─── Supplied entries ───

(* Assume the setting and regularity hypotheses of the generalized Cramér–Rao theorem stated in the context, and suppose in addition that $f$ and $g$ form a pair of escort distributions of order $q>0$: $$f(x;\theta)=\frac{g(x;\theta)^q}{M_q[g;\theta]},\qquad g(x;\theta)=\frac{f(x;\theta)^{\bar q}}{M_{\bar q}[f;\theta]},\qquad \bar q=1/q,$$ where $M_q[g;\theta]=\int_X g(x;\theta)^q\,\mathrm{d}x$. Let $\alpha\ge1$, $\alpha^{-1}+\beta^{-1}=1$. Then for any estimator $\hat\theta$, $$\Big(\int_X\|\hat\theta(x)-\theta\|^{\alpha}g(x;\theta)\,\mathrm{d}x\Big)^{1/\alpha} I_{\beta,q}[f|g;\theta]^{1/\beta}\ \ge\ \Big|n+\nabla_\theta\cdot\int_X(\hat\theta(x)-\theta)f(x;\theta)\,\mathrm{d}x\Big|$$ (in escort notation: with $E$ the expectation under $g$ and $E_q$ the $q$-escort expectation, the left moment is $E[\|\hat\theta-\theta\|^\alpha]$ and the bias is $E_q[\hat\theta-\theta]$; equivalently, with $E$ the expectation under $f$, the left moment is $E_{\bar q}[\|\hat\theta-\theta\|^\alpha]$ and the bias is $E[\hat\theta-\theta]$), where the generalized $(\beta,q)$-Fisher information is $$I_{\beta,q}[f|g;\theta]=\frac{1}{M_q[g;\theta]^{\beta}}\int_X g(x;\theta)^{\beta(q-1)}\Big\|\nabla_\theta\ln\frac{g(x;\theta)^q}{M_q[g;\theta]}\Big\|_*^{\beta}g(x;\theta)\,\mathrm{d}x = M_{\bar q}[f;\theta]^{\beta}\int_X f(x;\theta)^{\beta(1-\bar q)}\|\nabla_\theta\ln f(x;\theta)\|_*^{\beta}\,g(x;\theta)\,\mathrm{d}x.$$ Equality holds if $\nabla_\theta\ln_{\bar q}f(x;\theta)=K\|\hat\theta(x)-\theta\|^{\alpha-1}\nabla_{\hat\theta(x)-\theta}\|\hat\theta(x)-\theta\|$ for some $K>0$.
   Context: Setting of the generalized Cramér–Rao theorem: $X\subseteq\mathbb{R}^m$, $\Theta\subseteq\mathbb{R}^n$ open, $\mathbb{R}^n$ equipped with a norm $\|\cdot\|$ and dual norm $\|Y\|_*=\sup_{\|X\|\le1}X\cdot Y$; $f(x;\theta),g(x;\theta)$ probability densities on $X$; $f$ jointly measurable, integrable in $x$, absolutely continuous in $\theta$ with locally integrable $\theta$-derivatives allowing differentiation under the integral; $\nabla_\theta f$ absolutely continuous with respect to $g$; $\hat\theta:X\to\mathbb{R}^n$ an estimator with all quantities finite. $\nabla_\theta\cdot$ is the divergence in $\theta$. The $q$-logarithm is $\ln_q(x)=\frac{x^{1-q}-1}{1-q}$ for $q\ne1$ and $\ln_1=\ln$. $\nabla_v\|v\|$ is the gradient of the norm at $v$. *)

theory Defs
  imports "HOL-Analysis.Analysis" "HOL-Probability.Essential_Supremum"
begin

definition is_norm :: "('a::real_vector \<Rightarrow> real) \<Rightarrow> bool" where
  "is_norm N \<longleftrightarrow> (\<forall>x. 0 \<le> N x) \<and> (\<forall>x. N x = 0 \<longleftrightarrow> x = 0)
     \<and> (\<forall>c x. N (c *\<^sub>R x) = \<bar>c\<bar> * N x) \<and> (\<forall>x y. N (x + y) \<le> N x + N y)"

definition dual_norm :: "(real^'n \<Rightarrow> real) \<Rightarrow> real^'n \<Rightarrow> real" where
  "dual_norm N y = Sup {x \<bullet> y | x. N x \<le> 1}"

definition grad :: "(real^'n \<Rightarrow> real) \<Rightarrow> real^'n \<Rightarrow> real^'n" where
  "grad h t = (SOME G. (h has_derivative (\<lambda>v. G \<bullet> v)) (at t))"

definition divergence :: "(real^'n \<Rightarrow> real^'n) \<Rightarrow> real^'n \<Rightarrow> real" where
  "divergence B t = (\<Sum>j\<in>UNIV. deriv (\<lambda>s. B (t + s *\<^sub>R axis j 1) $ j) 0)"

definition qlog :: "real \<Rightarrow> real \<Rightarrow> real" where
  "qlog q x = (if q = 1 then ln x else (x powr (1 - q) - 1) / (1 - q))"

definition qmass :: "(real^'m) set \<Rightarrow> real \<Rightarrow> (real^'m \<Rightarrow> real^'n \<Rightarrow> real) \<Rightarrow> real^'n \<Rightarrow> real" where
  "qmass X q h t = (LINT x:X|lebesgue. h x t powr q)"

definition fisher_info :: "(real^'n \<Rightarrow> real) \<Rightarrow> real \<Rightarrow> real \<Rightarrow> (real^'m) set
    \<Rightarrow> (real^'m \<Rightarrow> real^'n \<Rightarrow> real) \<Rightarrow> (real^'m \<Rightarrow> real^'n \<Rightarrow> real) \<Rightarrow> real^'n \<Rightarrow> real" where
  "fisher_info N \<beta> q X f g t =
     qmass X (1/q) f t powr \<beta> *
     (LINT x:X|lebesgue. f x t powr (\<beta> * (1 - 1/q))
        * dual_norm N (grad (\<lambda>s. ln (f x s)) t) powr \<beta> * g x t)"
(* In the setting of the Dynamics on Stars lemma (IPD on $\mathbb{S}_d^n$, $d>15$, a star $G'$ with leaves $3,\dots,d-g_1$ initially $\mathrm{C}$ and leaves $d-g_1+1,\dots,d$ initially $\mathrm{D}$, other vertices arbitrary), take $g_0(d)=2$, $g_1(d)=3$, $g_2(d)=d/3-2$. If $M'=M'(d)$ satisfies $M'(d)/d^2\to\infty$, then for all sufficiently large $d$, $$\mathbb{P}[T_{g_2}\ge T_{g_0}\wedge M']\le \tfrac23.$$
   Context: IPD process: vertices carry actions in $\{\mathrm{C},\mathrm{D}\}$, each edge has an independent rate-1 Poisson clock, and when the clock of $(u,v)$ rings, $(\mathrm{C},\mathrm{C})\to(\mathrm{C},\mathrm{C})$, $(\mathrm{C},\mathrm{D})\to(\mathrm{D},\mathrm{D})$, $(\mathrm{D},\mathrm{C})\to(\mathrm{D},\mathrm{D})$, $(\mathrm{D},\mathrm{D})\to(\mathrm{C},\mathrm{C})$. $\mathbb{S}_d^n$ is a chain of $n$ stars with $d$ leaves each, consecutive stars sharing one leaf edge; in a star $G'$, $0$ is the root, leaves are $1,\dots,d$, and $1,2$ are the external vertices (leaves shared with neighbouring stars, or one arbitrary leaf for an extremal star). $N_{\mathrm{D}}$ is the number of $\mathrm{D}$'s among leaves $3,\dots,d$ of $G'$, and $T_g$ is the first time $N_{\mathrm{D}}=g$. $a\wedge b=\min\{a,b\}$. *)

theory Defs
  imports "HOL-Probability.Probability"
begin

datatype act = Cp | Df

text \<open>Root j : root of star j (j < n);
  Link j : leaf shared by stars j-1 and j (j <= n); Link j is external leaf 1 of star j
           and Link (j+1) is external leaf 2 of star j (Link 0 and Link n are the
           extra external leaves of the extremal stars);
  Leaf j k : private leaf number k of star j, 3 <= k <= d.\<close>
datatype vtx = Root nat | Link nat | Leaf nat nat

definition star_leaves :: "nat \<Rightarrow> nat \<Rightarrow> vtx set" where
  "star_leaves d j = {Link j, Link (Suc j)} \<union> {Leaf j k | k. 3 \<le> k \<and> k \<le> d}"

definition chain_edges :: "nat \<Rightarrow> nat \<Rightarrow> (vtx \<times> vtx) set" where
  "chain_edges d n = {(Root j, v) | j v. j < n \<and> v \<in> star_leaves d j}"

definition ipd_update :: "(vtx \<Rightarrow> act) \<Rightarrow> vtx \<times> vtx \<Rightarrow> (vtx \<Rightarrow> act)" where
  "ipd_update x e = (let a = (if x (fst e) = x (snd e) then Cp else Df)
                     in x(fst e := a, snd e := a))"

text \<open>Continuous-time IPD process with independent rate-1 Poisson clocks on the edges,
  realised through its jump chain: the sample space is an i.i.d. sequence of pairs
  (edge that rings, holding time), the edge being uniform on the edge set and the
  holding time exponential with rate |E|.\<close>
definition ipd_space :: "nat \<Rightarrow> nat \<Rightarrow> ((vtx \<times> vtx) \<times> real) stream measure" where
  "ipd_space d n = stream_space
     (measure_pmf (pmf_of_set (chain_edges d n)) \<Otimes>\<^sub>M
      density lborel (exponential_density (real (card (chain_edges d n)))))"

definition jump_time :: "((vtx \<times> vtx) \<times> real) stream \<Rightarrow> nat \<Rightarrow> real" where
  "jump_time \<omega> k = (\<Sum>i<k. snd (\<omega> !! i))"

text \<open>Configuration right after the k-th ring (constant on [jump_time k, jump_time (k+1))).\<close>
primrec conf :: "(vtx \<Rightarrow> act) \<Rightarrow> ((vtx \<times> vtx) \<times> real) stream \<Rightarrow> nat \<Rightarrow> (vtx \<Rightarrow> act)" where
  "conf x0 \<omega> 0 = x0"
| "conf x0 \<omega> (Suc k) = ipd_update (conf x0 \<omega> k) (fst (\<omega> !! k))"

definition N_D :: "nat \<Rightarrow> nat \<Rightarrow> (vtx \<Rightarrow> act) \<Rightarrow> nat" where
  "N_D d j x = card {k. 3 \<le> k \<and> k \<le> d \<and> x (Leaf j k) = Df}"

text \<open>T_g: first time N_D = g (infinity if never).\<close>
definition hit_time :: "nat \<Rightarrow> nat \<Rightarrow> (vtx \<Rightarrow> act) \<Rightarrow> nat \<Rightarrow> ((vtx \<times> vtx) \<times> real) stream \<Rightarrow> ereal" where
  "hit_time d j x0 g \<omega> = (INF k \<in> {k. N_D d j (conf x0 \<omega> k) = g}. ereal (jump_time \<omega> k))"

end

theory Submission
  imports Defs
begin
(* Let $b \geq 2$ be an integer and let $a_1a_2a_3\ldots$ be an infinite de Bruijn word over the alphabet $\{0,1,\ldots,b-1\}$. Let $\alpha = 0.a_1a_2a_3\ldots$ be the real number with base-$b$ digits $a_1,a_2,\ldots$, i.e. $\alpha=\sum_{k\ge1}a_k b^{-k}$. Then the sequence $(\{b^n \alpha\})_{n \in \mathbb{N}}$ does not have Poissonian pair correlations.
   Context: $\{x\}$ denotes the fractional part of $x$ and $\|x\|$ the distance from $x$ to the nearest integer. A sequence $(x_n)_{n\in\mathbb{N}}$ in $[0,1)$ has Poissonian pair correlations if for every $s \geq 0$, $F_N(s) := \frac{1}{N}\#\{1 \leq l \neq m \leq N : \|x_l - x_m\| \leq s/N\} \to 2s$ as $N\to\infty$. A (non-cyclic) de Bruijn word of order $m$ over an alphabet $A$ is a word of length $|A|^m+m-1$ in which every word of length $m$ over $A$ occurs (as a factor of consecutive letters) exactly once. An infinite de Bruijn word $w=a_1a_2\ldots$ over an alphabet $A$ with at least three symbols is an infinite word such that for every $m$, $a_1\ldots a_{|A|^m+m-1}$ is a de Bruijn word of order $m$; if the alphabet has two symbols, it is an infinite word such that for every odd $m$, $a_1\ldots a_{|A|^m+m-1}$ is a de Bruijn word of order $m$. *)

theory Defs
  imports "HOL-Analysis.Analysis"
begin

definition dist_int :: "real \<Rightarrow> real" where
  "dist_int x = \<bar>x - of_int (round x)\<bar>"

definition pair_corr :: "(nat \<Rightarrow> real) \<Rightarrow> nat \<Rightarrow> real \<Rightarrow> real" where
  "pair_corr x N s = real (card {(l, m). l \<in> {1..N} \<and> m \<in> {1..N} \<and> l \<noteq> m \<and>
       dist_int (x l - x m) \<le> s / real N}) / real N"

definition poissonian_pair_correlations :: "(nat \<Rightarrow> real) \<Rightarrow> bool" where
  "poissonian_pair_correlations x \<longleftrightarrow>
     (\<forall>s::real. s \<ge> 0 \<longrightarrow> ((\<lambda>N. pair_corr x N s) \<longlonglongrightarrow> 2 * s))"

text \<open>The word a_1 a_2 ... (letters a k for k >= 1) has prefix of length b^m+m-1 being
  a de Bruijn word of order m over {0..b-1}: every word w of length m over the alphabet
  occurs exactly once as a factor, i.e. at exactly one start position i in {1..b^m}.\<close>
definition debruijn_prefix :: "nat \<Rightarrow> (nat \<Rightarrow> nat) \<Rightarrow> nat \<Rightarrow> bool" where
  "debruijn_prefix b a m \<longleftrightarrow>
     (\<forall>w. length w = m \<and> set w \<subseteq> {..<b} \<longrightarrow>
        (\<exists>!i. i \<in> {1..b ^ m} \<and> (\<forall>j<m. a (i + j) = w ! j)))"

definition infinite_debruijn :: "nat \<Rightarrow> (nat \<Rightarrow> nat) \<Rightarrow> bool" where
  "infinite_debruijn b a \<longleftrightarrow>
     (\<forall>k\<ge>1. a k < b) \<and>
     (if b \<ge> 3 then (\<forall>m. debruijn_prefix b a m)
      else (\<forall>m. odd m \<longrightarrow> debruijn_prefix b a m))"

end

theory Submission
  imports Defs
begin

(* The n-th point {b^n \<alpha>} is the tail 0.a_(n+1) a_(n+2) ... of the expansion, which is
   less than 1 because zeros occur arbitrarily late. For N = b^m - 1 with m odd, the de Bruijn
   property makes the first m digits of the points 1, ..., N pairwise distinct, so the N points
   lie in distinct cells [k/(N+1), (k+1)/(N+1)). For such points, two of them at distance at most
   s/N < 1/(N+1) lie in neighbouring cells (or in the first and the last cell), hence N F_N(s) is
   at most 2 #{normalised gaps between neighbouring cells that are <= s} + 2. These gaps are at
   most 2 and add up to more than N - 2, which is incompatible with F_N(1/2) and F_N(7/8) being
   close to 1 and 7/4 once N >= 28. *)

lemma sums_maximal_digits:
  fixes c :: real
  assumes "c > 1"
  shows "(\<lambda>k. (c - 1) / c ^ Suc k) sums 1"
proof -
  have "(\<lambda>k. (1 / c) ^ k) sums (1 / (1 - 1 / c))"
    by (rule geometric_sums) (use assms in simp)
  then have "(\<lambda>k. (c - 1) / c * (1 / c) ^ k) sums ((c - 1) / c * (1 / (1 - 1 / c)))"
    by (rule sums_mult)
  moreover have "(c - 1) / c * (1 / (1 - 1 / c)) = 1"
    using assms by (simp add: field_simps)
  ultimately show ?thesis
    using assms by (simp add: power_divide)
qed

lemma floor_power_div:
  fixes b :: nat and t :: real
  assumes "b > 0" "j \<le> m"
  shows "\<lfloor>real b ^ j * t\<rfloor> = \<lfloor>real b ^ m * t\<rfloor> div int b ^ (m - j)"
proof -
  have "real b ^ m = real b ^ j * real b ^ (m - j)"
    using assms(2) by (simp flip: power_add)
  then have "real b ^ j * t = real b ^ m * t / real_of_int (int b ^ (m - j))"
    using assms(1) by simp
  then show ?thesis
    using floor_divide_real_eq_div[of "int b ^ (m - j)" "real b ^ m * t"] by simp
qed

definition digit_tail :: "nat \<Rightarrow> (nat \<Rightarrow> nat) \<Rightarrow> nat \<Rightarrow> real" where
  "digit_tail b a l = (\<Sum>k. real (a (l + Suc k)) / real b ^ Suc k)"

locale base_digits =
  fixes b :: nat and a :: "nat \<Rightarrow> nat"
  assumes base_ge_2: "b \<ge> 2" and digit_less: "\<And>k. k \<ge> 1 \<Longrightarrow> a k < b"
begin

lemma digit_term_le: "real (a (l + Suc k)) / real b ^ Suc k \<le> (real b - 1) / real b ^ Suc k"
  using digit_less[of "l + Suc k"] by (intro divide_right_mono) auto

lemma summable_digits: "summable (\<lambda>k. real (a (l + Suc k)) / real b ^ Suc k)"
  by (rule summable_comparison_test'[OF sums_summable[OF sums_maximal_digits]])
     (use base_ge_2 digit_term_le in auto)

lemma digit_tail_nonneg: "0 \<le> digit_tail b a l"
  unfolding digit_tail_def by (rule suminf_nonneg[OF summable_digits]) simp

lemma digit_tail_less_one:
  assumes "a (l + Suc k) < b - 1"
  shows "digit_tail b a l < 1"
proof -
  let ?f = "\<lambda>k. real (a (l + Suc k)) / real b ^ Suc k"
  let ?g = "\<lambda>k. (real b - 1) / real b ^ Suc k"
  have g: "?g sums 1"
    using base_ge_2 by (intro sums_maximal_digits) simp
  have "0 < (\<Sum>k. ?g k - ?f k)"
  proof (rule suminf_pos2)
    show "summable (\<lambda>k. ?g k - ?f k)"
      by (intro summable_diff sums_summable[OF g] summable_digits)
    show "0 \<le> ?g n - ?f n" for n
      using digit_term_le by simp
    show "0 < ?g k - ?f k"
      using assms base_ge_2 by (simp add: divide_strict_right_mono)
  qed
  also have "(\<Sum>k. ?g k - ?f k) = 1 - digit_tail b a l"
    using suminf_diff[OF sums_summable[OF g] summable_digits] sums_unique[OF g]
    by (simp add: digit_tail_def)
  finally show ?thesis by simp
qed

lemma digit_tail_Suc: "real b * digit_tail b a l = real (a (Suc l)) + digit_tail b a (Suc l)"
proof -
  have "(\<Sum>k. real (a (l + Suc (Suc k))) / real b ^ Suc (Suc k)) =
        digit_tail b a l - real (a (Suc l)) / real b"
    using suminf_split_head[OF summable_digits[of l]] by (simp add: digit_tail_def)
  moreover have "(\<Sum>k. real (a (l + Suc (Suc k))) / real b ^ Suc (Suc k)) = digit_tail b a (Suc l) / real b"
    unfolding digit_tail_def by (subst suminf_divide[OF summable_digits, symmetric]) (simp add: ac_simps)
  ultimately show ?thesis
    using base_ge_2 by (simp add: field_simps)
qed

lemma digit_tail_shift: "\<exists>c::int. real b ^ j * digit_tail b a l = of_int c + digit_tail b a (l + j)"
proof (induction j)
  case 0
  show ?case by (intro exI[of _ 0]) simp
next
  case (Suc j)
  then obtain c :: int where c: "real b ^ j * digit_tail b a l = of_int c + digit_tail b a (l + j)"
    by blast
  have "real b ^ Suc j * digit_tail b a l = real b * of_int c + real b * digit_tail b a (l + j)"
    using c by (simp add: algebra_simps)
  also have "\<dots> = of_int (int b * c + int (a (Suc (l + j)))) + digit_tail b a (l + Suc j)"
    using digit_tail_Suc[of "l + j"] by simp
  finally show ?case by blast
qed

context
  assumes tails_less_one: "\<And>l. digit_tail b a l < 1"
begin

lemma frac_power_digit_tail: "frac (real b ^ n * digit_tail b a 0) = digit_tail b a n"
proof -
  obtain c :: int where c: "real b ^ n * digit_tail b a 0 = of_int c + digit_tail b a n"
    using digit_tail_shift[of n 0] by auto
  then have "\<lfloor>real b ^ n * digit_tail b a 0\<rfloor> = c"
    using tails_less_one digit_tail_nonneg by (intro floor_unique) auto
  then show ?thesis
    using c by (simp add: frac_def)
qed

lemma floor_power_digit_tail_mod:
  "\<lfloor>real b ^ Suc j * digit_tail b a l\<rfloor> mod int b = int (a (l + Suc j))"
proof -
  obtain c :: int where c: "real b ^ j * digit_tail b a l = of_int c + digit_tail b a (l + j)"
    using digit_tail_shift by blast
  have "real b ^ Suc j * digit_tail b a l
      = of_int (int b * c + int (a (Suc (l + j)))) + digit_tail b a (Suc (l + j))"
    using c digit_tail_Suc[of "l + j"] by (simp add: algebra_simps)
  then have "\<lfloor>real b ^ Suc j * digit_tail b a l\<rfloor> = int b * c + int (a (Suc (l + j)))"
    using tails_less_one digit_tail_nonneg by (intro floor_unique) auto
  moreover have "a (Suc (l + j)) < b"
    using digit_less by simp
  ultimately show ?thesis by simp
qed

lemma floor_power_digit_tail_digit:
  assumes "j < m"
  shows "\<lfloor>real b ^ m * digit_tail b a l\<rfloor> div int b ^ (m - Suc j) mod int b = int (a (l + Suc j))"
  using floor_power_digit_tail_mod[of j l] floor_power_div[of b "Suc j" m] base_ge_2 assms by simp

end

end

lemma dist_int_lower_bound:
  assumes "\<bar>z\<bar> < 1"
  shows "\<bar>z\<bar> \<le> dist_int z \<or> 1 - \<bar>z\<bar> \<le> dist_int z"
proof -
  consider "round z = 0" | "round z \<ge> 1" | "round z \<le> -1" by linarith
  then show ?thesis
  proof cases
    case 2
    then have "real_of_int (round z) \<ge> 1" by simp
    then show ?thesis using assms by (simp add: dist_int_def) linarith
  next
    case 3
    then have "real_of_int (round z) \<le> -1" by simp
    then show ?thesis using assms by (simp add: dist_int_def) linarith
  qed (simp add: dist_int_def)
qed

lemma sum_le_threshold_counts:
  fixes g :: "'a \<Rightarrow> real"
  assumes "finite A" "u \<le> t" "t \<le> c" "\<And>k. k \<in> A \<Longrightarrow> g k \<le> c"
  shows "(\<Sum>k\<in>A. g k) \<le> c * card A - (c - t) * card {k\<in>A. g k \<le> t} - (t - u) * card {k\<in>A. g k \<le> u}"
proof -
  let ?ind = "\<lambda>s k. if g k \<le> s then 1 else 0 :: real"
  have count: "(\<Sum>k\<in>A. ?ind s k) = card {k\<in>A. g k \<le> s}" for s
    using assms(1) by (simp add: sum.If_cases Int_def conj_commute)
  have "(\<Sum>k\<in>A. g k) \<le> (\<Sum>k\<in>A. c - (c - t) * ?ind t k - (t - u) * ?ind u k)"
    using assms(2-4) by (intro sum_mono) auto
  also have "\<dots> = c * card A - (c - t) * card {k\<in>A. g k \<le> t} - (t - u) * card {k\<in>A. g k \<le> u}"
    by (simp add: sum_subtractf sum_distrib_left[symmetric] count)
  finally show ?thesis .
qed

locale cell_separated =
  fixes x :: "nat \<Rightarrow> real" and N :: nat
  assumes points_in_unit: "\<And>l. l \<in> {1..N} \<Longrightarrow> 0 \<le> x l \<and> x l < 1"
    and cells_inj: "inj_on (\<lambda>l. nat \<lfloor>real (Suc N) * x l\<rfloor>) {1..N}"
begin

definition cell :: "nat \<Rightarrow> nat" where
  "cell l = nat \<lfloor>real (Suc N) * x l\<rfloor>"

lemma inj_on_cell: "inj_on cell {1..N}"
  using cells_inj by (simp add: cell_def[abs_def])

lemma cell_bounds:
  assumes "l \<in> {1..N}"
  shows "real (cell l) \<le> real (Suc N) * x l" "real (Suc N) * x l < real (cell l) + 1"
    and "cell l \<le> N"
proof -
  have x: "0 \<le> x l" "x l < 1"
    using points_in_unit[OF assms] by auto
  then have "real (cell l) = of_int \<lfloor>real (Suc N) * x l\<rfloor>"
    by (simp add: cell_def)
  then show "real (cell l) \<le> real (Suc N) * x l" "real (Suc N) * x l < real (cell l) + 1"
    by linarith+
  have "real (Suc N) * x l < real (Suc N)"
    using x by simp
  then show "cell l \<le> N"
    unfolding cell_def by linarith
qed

───

## What you will do
From the entries, copy every line in which the string "blast" can be found.

## Answer to the exercise
    by blast
  finally show ?case by blast
    using digit_tail_shift by blast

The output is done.